低下する経済成長、拡大する格差、迫り来る財政危機。トランプ米大統領や共和党議員には、税制改革によってこれら3大問題に対処するチャンスと責務があった。だが、残念なことに彼らは責務を怠り、チャンスを台なしにする法案を通過させたのだ。
米国の公的債務がすでに戦後最悪の水準にある中で、この税制改革によって財政赤字は今後10年間でさらに1.5兆〜2.2兆ドル(約165兆〜242兆円)悪化する。所得と富の不平等が急拡大している中で、減税額の8割が1%の超富裕層に回ると推定されている。
成長率の押し上げ効果はかぎられている
しかも、経済が8年以上にわたって緩やかに拡大を続け、労働市場が完全雇用に近づいている中では、減税が持つ景気浮揚効果はわずかなものにとどまるだろう。

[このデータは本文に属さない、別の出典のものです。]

lemma
  fixes psi :: "bool list \<Rightarrow> complex"
  assumes st: "stabilizer_state n phi" and w: "w \<in> pts n"
  defines "S \<equiv> weyl_set n phi" and "H \<equiv> symp_kernel (weyl_set n phi) w"
    and "u \<equiv> (cmod (inner_n n phi psi))\<^sup>2" and "v \<equiv> (cmod (inner_n n (weyl_apply w phi) psi))\<^sup>2"
  shows sum_symp_kernel_expect_mult:
      "(\<Sum>x\<in>H. expect n phi x * expect n psi x) = complex_of_real (2 ^ n * (u + v) / 2)"
    and sum_symp_kernel_complement_expect_mult:
      "(\<Sum>x\<in>S - H. expect n phi x * expect n psi x) = complex_of_real (2 ^ n * (u - v) / 2)"
proof -
  define f where "f x = expect n phi x * expect n psi x" for x
  have HS: "H \<subseteq> S"
    by (auto simp: H_def S_def symp_kernel_def)
  have split: "(\<Sum>x\<in>S. g x) = (\<Sum>x\<in>H. g x) + (\<Sum>x\<in>S - H. g x)" for g :: "_ \<Rightarrow> complex"
    using sum.subset_diff[OF HS] by (simp add: S_def add.commute)
  have "(\<Sum>x\<in>H. f x) + (\<Sum>x\<in>S - H. f x) = 2 ^ n * complex_of_real u"
    using sum_weyl_set_expect_mult[OF st, of psi] split[of f] by (simp add: f_def S_def u_def)
  moreover have "(\<Sum>x\<in>H. f x) - (\<Sum>x\<in>S - H. f x) = 2 ^ n * complex_of_real v"
  proof -
    have "(\<Sum>x\<in>H. (-1) ^ symp_form x w * f x) = (\<Sum>x\<in>H. f x)"
      by (intro sum.cong refl) (simp add: H_def symp_kernel_def)
    moreover have "(\<Sum>x\<in>S - H. (-1) ^ symp_form x w * f x) = - (\<Sum>x\<in>S - H. f x)"
      unfolding sum_negf[symmetric] by (intro sum.cong refl) (simp add: H_def S_def symp_kernel_def)
    ultimately show ?thesis
      using split[of "\<lambda>x. (-1) ^ symp_form x w * f x"] sum_weyl_set_signed_expect_mult[OF st w, of psi]
      by (simp add: S_def f_def v_def)
  qed
  ultimately show "(\<Sum>x\<in>H. f x) = complex_of_real (2 ^ n * (u + v) / 2)"
    and "(\<Sum>x\<in>S - H. f x) = complex_of_real (2 ^ n * (u - v) / 2)"
    by (simp_all add: field_simps)
qed

lemma pdist_nonneg: "0 \<le> pdist n psi x"
  by (simp add: pdist_def)

lemma qdist_nonneg: "0 \<le> qdist n psi x"
  by (simp add: qdist_def pdist_nonneg sum_nonneg)

lemma sum_pdist_eq: "(\<Sum>x\<in>A. pdist n psi x) = (\<Sum>x\<in>A. (cmod (expect n psi x))\<^sup>2) / 2 ^ n"
  by (simp add: pdist_def expect_def sum_divide_distrib)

確かに、大規模な法人減税は長年の懸案だった。投資は喚起され、国内外の企業が米国で事業を行う動機も強まるだろう。しかし、成長率の押し上げ効果は、トランプ氏や同氏の経済ブレーンが喧伝する「年率1%ポイント以上」を大幅に下回ると、圧倒的多数のエコノミストが予測している。
経済成長に伴うトリクルダウン(富者が富めば貧者にも富が滴り落ちるとする効果のこと)によって「平均的な世帯の年収は極めて控えめに見積もっても4000ドル(約44万円)増加する」とトランプ政権はブチ上げるが、これを裏付ける根拠は何もない。